Glenn Fleishman | July 3, 2015
Virtual private network (VPN) connections designed to keep data safe from snooping eyes may be vulnerable to two forms of network attacks by malicious parties with access to a local network, a research paper (PDF) explained on June 30.

A limited set of risks

The good news about this exploit is that while it is severe in its nature, it's very to extremely limited in how it might be turned against VPN users.

First, the hijacking doesn't subvert secure web, email, or other connections. For banking, ecommerce, and an increasing number of other sites, an https (SSL/TLS) connection is the default. If an attacker tries to break in on such a connection by presenting a fake certificate, browsers and other software alerts a user that the certificate is invalid. This attack doesn't help with that at all.

If all your surfing is secure, then VPN-related DNS hijacking doesn't affect you, but then there's little reason to use a VPN, either.
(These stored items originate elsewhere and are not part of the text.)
lemma cjoins_common_upper_bound:
  assumes F1: "forest X1 le1" and F2: "forest X2 le2" and A: "A \<subseteq> X1 \<times> X2"
    and x: "x \<in> cjoins (X1 \<times> X2) le1 le2 A" and x': "x' \<in> cjoins (X1 \<times> X2) le1 le2 A"
    and xx': "c_comparable le1 le2 x x'"
  obtains w where "w \<in> cjoins (X1 \<times> X2) le1 le2 A"
    and "prod_le le1 le2 x w" and "prod_le le1 le2 x' w"
proof -
  from x obtain y z where yz: "y \<in> A" "z \<in> A" "c_comparable le1 le2 y z" "x = cjoin le1 le2 y z"
    unfolding cjoins_def by blast
  from x' obtain y' z' where yz': "y' \<in> A" "z' \<in> A" "c_comparable le1 le2 y' z'"
      "x' = cjoin le1 le2 y' z'"
    unfolding cjoins_def by blast
  let ?S = "{y, z, y', z'}"
  have S: "?S \<subseteq> A" using yz yz' by blast
  then have "fst ` ?S \<subseteq> X1" "snd ` ?S \<subseteq> X2" using A by force+
  obtain p where p: "p \<in> ?S" "\<forall>r\<in>?S. le1 (fst r) (fst p)"
    by (rule forest_greatest_projection[OF F1 \<open>fst ` ?S \<subseteq> X1\<close>])
      (use yz(3,4) yz'(3,4) xx' in \<open>auto simp: c_comparable_def cjoin_def\<close>)
  obtain q where q: "q \<in> ?S" "\<forall>r\<in>?S. le2 (snd r) (snd q)"
    by (rule forest_greatest_projection[OF F2 \<open>snd ` ?S \<subseteq> X2\<close>])
      (use yz(3,4) yz'(3,4) xx' in \<open>auto simp: c_comparable_def cjoin_def\<close>)
  have pq: "le1 (fst q) (fst p)" "le2 (snd p) (snd q)" using p q by blast+
  have pqX: "p \<in> X1 \<times> X2" "q \<in> X1 \<times> X2" using p(1) q(1) S A by blast+
  have w: "cjoin le1 le2 p q = (fst p, snd q)"
    using omax_eq_left[OF F1 _ _ pq(1)] pq(2) pqX unfolding cjoin_def
    by (auto simp: mem_Times_iff omax_def)
  show thesis
  proof (rule that)
    have "c_comparable le1 le2 p q" using pq unfolding c_comparable_def comparable_def by blast
    then show "cjoin le1 le2 p q \<in> cjoins (X1 \<times> X2) le1 le2 A"
      unfolding cjoins_def using cjoin_in_Times[OF pqX] p(1) q(1) S by blast
    show "prod_le le1 le2 x (cjoin le1 le2 p q)" "prod_le le1 le2 x' (cjoin le1 le2 p q)"
      unfolding w prod_le_def using yz(4) yz'(4) p q by (simp_all add: cjoin_def omax_least)
  qed
qed

lemma concave_lower_closure_cjoins:
  assumes F1: "forest X1 le1" and F2: "forest X2 le2" and A: "A \<subseteq> X1 \<times> X2"
  shows "concave le1 le2 (lower_closure (X1 \<times> X2) le1 le2 (cjoins (X1 \<times> X2) le1 le2 A))"
  unfolding concave_def
proof (intro ballI impI)
  let ?A1 = "cjoins (X1 \<times> X2) le1 le2 A"
  fix t s
  assume t: "t \<in> lower_closure (X1 \<times> X2) le1 le2 ?A1"
    and s: "s \<in> lower_closure (X1 \<times> X2) le1 le2 ?A1"
    and ts: "c_comparable le1 le2 t s"
  from t obtain x where x: "x \<in> ?A1" "prod_le le1 le2 t x" and tX: "t \<in> X1 \<times> X2"
    unfolding lower_closure_def by blast
  from s obtain x' where x': "x' \<in> ?A1" "prod_le le1 le2 s x'" and sX: "s \<in> X1 \<times> X2"
    unfolding lower_closure_def by blast
  have xX: "x \<in> X1 \<times> X2" "x' \<in> X1 \<times> X2" using x(1) x'(1) unfolding cjoins_def by blast+
  have "c_comparable le1 le2 x x'"
    using c_comparable_upper_bounds[OF F1 F2 tX sX xX ts x(2) x'(2)] .
  then obtain w where w: "w \<in> ?A1" "prod_le le1 le2 x w" "prod_le le1 le2 x' w"
    using cjoins_common_upper_bound[OF F1 F2 A x(1) x'(1)] by blast
  have wX: "w \<in> X1 \<times> X2" using w(1) unfolding cjoins_def by blast
  have "prod_le le1 le2 t w" "prod_le le1 le2 s w"
    using prod_le_trans[OF F1 F2] tX sX xX wX x(2) x'(2) w(2,3) by blast+
  then have "prod_le le1 le2 (cjoin le1 le2 t s) w" by (rule cjoin_least)
  then show "cjoin le1 le2 t s \<in> lower_closure (X1 \<times> X2) le1 le2 ?A1"
    unfolding lower_closure_def using cjoin_in_Times[OF tX sX] w(1) by blast
qed

lemma hereditary_lower_closure:
  assumes F1: "forest X1 le1" and F2: "forest X2 le2" and "B \<subseteq> X1 \<times> X2"
  shows "hereditary (X1 \<times> X2) le1 le2 (lower_closure (X1 \<times> X2) le1 le2 B)"
  unfolding hereditary_def lower_closure_def
  using prod_le_trans[OF F1 F2] assms(3) by blast

lemma subset_cjoins:
  assumes F1: "forest X1 le1" and F2: "forest X2 le2" and "A \<subseteq> X1 \<times> X2"
  shows "A \<subseteq> cjoins (X1 \<times> X2) le1 le2 A"
proof
  fix x assume x: "x \<in> A"
  with assms(3) have "prod_le le1 le2 x x" using prod_le_refl[OF F1 F2] by blast
  then have "c_comparable le1 le2 x x"
    unfolding c_comparable_def comparable_def prod_le_def by blast
  moreover have "x = cjoin le1 le2 x x" by (simp add: cjoin_def)
  ultimately show "x \<in> cjoins (X1 \<times> X2) le1 le2 A"
    unfolding cjoins_def using x assms(3) by blast
qed

lemma subset_lower_closure:
  "forest X1 le1 \<Longrightarrow> forest X2 le2 \<Longrightarrow> B \<subseteq> X1 \<times> X2 \<Longrightarrow> B \<subseteq> lower_closure (X1 \<times> X2) le1 le2 B"
  unfolding lower_closure_def using prod_le_refl by blast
Peck notes, "If you're only talking to https sites, you probably don't need a VPN." (Peck jokes that his company's goal is to put themselves out of business, as they find it desirable that all routine traffic on the Internet is strongly encrypted.)

Second, it doesn't crack the reliability of the VPN tunnel. While PPTP as a standard is broken and shouldn't be used, L2TP, IPsec, and OpenVPN are reliable when configured correctly, and this new research doesn't change that.

Third, an attacker has to have proximity to where people are connecting to Wi-Fi in large numbers and using VPNs. While there are many ways to attack routers remotely and potentially insert malicious software, that's a far more severe problem, affecting every user of such subverted networks for all non-encrypted connections. This DHCP-plus-DNS hijacking technique might be yet another tool in that arsenal.

It's possible other researchers will use this work to find more easily or broadly exploitable problems in VPN setups in iOS and on other platforms. But now that the details are out, operating system and VPN client developers will be fixing holes. Some of the makers of software mentioned in the paper dispute their software is vulnerable or have made changes since hearing from the researchers or for routine reasons that they told the TorrentFreak site resolve one or both categories of exploit in the paper.

Cloak contacted me, reported to Apple, and posted a blog entry in the interests of making sure the scope of the problem was known early and being straightforward with its customers about even the slightest risk. Peck says, "From the perspective of a VPN provider, anything that effectively removes the protection of the VPN itself is crappy."